Records shown: Begin
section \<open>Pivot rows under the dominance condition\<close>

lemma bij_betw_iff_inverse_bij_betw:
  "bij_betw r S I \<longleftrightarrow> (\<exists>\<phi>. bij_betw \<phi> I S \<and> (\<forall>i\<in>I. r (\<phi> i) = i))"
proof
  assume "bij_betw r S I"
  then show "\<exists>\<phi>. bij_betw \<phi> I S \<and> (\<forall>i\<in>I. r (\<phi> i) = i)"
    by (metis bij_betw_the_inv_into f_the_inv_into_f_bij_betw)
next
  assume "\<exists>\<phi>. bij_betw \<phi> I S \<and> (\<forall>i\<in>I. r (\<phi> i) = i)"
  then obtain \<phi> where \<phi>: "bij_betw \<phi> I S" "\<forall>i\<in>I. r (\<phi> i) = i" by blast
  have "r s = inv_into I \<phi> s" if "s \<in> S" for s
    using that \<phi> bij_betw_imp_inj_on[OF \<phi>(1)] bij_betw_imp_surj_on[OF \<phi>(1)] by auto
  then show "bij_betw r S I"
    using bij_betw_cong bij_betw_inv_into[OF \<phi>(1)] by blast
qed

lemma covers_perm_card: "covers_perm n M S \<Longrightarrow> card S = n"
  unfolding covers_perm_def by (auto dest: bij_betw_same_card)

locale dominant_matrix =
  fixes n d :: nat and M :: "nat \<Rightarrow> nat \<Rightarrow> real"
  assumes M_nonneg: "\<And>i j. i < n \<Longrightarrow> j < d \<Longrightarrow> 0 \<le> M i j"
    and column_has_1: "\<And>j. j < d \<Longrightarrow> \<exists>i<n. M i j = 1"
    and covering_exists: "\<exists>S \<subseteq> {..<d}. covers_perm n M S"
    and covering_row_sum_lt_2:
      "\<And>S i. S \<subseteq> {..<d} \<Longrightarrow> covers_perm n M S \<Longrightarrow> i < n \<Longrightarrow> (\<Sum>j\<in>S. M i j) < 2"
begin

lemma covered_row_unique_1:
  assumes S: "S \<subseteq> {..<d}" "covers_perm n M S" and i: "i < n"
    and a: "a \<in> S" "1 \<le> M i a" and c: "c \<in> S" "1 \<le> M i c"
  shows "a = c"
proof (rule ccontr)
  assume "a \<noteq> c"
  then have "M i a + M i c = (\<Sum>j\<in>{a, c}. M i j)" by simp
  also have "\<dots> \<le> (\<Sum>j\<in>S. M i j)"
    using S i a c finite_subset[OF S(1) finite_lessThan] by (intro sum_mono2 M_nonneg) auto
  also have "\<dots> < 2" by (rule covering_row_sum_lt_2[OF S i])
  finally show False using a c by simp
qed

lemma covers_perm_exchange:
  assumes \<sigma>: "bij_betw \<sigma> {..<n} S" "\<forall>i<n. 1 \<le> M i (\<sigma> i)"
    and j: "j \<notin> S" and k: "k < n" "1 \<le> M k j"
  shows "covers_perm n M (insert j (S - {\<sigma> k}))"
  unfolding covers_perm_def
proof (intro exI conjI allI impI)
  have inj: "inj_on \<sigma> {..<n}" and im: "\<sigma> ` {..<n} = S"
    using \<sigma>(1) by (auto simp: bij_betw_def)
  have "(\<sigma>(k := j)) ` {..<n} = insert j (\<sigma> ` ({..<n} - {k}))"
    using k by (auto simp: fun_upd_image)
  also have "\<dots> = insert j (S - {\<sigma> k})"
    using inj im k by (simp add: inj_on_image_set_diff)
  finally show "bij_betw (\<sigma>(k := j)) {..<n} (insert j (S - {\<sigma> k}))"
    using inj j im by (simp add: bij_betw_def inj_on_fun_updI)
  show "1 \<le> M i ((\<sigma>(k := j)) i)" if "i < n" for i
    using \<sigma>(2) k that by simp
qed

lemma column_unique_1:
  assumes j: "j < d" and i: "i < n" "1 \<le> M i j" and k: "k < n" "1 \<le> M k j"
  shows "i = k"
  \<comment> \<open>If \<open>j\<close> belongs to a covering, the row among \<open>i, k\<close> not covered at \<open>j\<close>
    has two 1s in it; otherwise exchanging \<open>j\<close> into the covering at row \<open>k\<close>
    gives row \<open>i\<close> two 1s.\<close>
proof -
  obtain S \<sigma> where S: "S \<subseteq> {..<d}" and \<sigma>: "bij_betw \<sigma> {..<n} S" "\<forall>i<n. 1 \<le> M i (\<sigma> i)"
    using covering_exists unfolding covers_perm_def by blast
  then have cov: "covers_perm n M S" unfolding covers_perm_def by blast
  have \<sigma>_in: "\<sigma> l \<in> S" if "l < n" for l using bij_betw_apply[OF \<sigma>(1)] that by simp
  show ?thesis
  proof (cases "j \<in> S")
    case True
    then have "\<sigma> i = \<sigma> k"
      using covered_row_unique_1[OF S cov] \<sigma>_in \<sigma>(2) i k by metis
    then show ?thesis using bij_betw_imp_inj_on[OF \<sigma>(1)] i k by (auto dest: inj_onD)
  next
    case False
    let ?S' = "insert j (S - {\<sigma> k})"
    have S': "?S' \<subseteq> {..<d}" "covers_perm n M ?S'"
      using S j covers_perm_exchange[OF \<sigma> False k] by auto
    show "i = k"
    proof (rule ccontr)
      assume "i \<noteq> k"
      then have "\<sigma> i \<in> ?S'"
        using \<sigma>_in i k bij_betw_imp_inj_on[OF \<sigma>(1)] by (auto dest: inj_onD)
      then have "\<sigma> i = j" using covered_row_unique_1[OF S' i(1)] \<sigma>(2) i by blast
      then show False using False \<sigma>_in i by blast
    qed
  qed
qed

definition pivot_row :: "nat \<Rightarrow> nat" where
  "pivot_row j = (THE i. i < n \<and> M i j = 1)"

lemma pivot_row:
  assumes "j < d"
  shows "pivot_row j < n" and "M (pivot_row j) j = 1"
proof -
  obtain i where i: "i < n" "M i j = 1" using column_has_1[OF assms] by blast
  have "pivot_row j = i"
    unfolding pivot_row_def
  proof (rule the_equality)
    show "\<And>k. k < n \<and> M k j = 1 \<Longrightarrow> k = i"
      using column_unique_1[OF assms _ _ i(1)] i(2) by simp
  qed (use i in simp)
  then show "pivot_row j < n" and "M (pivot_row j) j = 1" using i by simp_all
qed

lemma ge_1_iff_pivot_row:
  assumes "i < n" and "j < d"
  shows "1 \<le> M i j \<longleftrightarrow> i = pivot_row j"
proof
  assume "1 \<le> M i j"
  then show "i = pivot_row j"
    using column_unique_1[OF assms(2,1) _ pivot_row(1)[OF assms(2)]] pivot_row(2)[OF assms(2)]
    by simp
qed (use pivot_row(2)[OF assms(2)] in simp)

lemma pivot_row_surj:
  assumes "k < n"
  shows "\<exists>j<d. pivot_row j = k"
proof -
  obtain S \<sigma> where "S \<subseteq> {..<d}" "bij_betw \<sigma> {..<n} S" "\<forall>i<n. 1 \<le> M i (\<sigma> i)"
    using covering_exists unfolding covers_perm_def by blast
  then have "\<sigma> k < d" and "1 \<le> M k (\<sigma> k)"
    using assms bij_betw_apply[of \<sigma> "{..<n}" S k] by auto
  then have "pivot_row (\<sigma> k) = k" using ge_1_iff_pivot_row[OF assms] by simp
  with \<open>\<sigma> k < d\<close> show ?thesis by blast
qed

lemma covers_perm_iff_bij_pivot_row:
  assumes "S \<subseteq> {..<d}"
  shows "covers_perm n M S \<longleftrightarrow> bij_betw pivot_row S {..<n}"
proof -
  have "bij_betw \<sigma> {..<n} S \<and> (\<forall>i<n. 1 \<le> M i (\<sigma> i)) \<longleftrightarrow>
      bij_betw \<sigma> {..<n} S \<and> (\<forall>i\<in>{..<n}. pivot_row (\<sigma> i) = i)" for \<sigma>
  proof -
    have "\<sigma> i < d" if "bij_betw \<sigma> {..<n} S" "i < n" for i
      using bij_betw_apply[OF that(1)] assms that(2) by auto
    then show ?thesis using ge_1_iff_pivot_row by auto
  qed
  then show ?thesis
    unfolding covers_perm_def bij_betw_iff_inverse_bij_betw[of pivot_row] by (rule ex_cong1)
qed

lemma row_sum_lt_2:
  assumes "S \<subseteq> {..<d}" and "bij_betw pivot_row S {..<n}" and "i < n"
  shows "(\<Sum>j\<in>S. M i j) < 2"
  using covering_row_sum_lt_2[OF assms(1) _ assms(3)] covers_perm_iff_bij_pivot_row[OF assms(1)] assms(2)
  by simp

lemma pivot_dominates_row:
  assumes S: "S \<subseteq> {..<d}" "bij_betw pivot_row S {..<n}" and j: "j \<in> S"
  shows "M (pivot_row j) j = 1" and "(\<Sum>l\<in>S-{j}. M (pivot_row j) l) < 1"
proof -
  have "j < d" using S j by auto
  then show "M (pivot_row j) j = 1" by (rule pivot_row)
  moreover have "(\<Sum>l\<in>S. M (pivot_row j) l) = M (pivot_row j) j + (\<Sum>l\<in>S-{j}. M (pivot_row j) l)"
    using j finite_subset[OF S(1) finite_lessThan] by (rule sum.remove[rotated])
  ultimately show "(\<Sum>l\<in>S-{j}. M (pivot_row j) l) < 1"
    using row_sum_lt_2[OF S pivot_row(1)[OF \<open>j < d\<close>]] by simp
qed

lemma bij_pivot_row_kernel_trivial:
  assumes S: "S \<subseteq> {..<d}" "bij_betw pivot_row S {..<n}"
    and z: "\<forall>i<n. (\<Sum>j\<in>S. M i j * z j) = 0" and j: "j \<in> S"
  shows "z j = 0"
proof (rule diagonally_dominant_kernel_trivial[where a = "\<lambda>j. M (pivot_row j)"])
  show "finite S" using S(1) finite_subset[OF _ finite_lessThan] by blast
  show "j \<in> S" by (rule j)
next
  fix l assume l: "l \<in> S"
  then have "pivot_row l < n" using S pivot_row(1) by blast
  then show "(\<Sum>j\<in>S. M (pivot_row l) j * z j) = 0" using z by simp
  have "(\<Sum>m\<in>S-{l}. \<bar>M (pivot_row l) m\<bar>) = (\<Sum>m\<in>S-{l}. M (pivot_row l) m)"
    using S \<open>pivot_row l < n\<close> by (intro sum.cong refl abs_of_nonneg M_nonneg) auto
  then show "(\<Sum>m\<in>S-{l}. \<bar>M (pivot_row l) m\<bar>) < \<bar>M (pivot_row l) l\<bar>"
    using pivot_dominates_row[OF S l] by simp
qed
Records shown: End
§ Exercise: Go through the records above and copy every line holding the word "dots".

§ Response:
  also have "\<dots> \<le> (\<Sum>j\<in>S. M i j)"
  also have "\<dots> < 2" by (rule covering_row_sum_lt_2[OF S i])
  also have "\<dots> = insert j (S - {\<sigma> k})"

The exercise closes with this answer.